Death Knell

In 2008, most pundits (and most Americans) thought and believed that the Republican Party was on it’s last legs… that it was dying a slow death.  This was because of Obama’s (and the Democrats) huge win over the GOP in the general election.  And thinking upon old terms, all the first time voters (young and old) that voted for the Democrats would have stayed with the party from then on out.  I scoffed when I was hearing this knowing that the Republican Party was going to be around for years to come… that reports of its death were greatly exaggerated (if I might borrow that phrase).  And here we are in 2010, just after a huge Republican victory in the midterm elections, so it got my mind in to thinking about things.
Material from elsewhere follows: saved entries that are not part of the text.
(* Let $K$ be a field of characteristic $p>0$ and $A^*$ a graded Hopf algebra over $K$ with a decreasing filtration satisfying (E1), (E2), (E3), (E4), (E6), (E7), (E8), and let $M^*$ be an unstable $A^*$-module. Then: (1) $\Sigma^{-1}\operatorname{Coker}\lambda_{M^*}$ is an unstable $A^*$-module; (2) if moreover the filtration satisfies (E9), then $\Sigma^{-1}\operatorname{Ker}\lambda_{M^*}$ is an unstable $A^*$-module.
   Context: Let $A^*$ be a graded Hopf algebra over a field $K$ of characteristic $p$, with product $\mu$ and a decreasing filtration $(F_iA^* )_{i\in\mathbb Z}$ by graded subspaces; $E_i^jA^*=(F_iA^* )^j/(F_{i+1}A^* )^j$. A left $A^*$-module $M^*$ with structure map $\alpha$ is unstable if $\alpha(F_{n+1}A^*\otimes M^n)=0$ for all $n$; then $\alpha$ induces $\bar\alpha_{M,n}\colon A^*/F_{n+1}A^*\otimes M^n\to M^*$. $(\Sigma^nV^* )^i=V^{i-n}$. Conditions: (E1) $F_iA^*=A^*$ for $i\le0$; (E2) $\bigcap_iF_iA^*=0$; (E3) each $F_iA^*$ is a left ideal; (E4) $\mu(F_iA^*\otimes A^j)\subset F_{i-j}A^*$; (E6) $E_{2i+\varepsilon}^kA^*=0$ if $k<2i(p-1)+\varepsilon$ or $2i+\varepsilon+k\not\equiv0,2\pmod{2p}$ ($i,k\in\mathbb Z$, $\varepsilon\in\{0,1\}$); (E7) $\dim E_{2i+\varepsilon}^{2i(p-1)+\varepsilon}A^*=1$ for $i\ge0$; (E8) for $i,j\ge0$, $\varepsilon\in\{0,1\}$, the map $\tilde\mu_{2i+\varepsilon}^{2i(p-1)+\varepsilon,j}\colon E_{2i+\varepsilon}^{2i(p-1)+\varepsilon}A^*\otimes(A^*/F_{2i-j+\varepsilon+1}A^* )^j\to E_{2i-j+\varepsilon}^{2i(p-1)+j+\varepsilon}A^*$, $[a]\otimes[b]\mapsto[ab]$, is an isomorphism. For $i,j\ge0$, $\varepsilon\in\{0,1\}$ put $\kappa=\varepsilon$ if $j$ is even and $\kappa=1-\varepsilon$ if $j$ is odd, and let $\gamma_{i,j,\varepsilon}$ be the composite of the map $A^{pj-(p-2)(\varepsilon-\kappa)}\otimes E_{2i-j+\varepsilon}^{(2i-j+\varepsilon-\kappa)(p-1)+\kappa}A^*\to E_{2i-j+\varepsilon}^{2i(p-1)+j+\varepsilon}A^*$ induced by left multiplication with $(\tilde\mu_{2i+\varepsilon}^{2i(p-1)+\varepsilon,j})^{-1}$. (E9): for every $k$, $\gamma_{i,j,\varepsilon}$ maps $(F_kA^* )^{pj-(p-2)(\varepsilon-\kappa)}\otimes E_{2i-j+\varepsilon}^{(2i-j+\varepsilon-\kappa)(p-1)+\kappa}A^*$ into $E_{2i+\varepsilon}^{2i(p-1)+\varepsilon}A^*\otimes(F_{\lceil k/p\rceil}A^*/F_{2i-j+\varepsilon+1}A^* )^j$. The module $\Phi M^*$: as a graded vector space $(\Phi M^* )^{2ip+2\varepsilon}=E_{2i+\varepsilon}^{2i(p-1)+\varepsilon}A^*\otimes M^{2i+\varepsilon}$ and $(\Phi M^* )^k=0$ for $k\not\equiv0,2\pmod{2p}$; the $A^*$-action is given on homogeneous pieces by: $A^{2jp}\otimes E_{2i+\varepsilon}^{2i(p-1)+\varepsilon}A^*\otimes M^{2i+\varepsilon}\to E_{2(i+j)+\varepsilon}^{2(i+j)(p-1)+\varepsilon}A^*\otimes M^{2(i+j)+\varepsilon}$ equal to $(1\otimes\bar\alpha_{M,2i+\varepsilon})\circ(\gamma_{i+j,2j,\varepsilon}\otimes1)$; $A^{2jp+2}\otimes E_{2i}^{2i(p-1)}A^*\otimes M^{2i}\to E_{2(i+j)+1}^{2(i+j)(p-1)+1}A^*\otimes M^{2(i+j)+1}$ equal to $(1\otimes\bar\alpha_{M,2i})\circ(\gamma_{i+j,2j+1,1}\otimes1)$; $A^{2jp-2}\otimes E_{2i+1}^{2i(p-1)+1}A^*\otimes M^{2i+1}\to E_{2(i+j)}^{2(i+j)(p-1)}A^*\otimes M^{2(i+j)}$ equal to $(1\otimes\bar\alpha_{M,2i+1})\circ(\gamma_{i+j,2j-1,0}\otimes1)$; all other components are zero. $\lambda_M\colon\Phi M^*\to M^*$ is given by $[a]\otimes x\mapsto ax$ on $E_{2i+\varepsilon}^{2i(p-1)+\varepsilon}A^*\otimes M^{2i+\varepsilon}$; it is a homomorphism of $A^*$-modules, so its kernel and cokernel are $A^*$-modules. *)

theory Defs
  imports Complex_Main "HOL-Computational_Algebra.Primes"
begin
lemma exists_nd_rank_eq:
  fixes C1 :: "(real^'m) set" and C2 :: "(real^'n) set"
  assumes C1: "convex_cone C1" and S: "independent S" "C2 = conical_hull S"
    and q: "q \<le> card (extremal_rays C1)" "q \<le> card S"
  shows "\<exists>M \<in> cone_tensor C1 C2. nd_rank C1 C2 M = q"
proof -
  obtain W where W: "W \<subseteq> S" "card W = q" "finite W"
    using obtain_subset_with_card_n[OF q(2)] by metis
  obtain R where R: "R \<subseteq> extremal_rays C1" "card R = q" "finite R"
    using obtain_subset_with_card_n[OF q(1)] by metis
  obtain F where F: "F ` W \<subseteq> R" "inj_on F W"
    using card_le_inj[of W R] W R by auto
  have rays: "F v \<in> extremal_rays C1" if "v \<in> W" for v
    using F(1) R(1) that by blast
  have "\<exists>x. x \<in> F v - {0}" if "v \<in> W" for v
    using extremal_ray_obtain_nonzero[OF rays[OF that]] by blast
  then obtain u where u: "\<And>v. v \<in> W \<Longrightarrow> u v \<in> F v - {0}"
    by metis
  define M where "M = (\<Sum>v\<in>W. outer_prod (u v) v)"
  have "u v \<in> C1 \<and> v \<in> C2" if "v \<in> W" for v
    using u[OF that] rays[OF that] face_of_imp_subset subset_conical_hull W(1) S(2) that
    by (fastforce simp: extremal_rays_def)
  then have dec: "nd_decomp C1 C2 M q"
    unfolding M_def W(2)[symmetric] by (rule nd_decomp_sum[OF W(3)])
  have "nd_rank C1 C2 M = q"
    unfolding nd_rank_def
  proof (rule Least_equality)
    show "nd_decomp C1 C2 M q" by (rule dec)
    show "q \<le> r" if "nd_decomp C1 C2 M r" for r
      using card_le_nd_decomp_length[OF C1 S(1) equalityD1[OF S(2)] W(1) F(2) rays u] that W(2)
      by (simp add: M_def)
  qed
  moreover have "M \<in> cone_tensor C1 C2"
    using dec by (auto simp: cone_tensor_def)
  ultimately show ?thesis
    by blast
qed

theorem theorem6:
  fixes q1 q2 :: nat
  assumes "card (extremal_rays (order_cone :: (real ^ ('p1::{finite,order})) set)) = q1"
    and "card (extremal_rays (order_cone :: (real ^ ('p2::{finite,order})) set)) = q2"
    and "simplicial (order_cone :: (real ^ ('p2::{finite,order})) set)"
  shows "(\<forall>M \<in> cone_tensor (order_cone :: (real ^ ('p1::{finite,order})) set) (order_cone :: (real ^ ('p2::{finite,order})) set).
            nd_rank order_cone order_cone M \<le> min q1 q2)
       \<and> (\<exists>M \<in> cone_tensor (order_cone :: (real ^ ('p1::{finite,order})) set) (order_cone :: (real ^ ('p2::{finite,order})) set).
            nd_rank order_cone order_cone M = min q1 q2)"
proof -
  let ?C1 = "order_cone :: (real ^ ('p1::{finite,order})) set"
  let ?C2 = "order_cone :: (real ^ ('p2::{finite,order})) set"
  obtain S where S: "independent S" "?C2 = conical_hull S"
    using assms(3) by (auto simp: simplicial_def)
  have "q2 \<le> card S"
    using card_extremal_rays_le[OF convex_cone_order_cone finiteI_independent[OF S(1)]] S(2)
      subset_conical_hull assms(2) by auto
  then have lower: "\<exists>M \<in> cone_tensor ?C1 ?C2. nd_rank ?C1 ?C2 M = min q1 q2"
    using exists_nd_rank_eq[of ?C1 S ?C2 "min q1 q2", OF convex_cone_order_cone S] assms(1)
    by simp
  obtain G1 :: "(real ^ ('p1::{finite,order})) set"
    where G1: "finite G1" "G1 \<subseteq> ?C1" "?C1 \<subseteq> conical_hull G1" "card G1 \<le> q1"
    using order_cone_generators assms(1) by metis
  obtain G2 :: "(real ^ ('p2::{finite,order})) set"
    where G2: "finite G2" "G2 \<subseteq> ?C2" "?C2 \<subseteq> conical_hull G2" "card G2 \<le> q2"
    using order_cone_generators assms(2) by metis
  have "\<forall>M \<in> cone_tensor ?C1 ?C2. nd_rank ?C1 ?C2 M \<le> min q1 q2"
    using nd_rank_le_card_generators[OF convex_cone_order_cone convex_cone_order_cone _ G1(1-3) G2(1-3)]
      G1(4) G2(4) by fastforce
  with lower show ?thesis
    by blast
qed

end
When the pundits started talking about the death of the Republican Party in 2008, did they know anything about political history before they started speaking?  Apparently not.  This actually works both ways.  One could have said that after the Civil War, the Democratic Party was on the way out… since there were only three Democratic Presidents elected between the Civil War (1865) and the election on FDR in 1932.  They were Grover Cleveland (22) and Grover Cleveland (24) — yes, it was the same man…the only man to be elected to two non-consecutive terms — and Woodrow Wilson.  I did not count President Andrew Johnson in this since he was not elected to the Presidency but merely succeeded to it upon the assassination of President Lincoln.  There were 14 Presidents between 1869 and 1933… and only 3 were Democrats.  Those aren’t very good odds and one would think the Democratic Party could not rebound from this.  And there was one overall thing fueling this Republican trend… the votes of the freed African-Americans (and even their descendants) who were voting for the Party that had freed them from their shackles.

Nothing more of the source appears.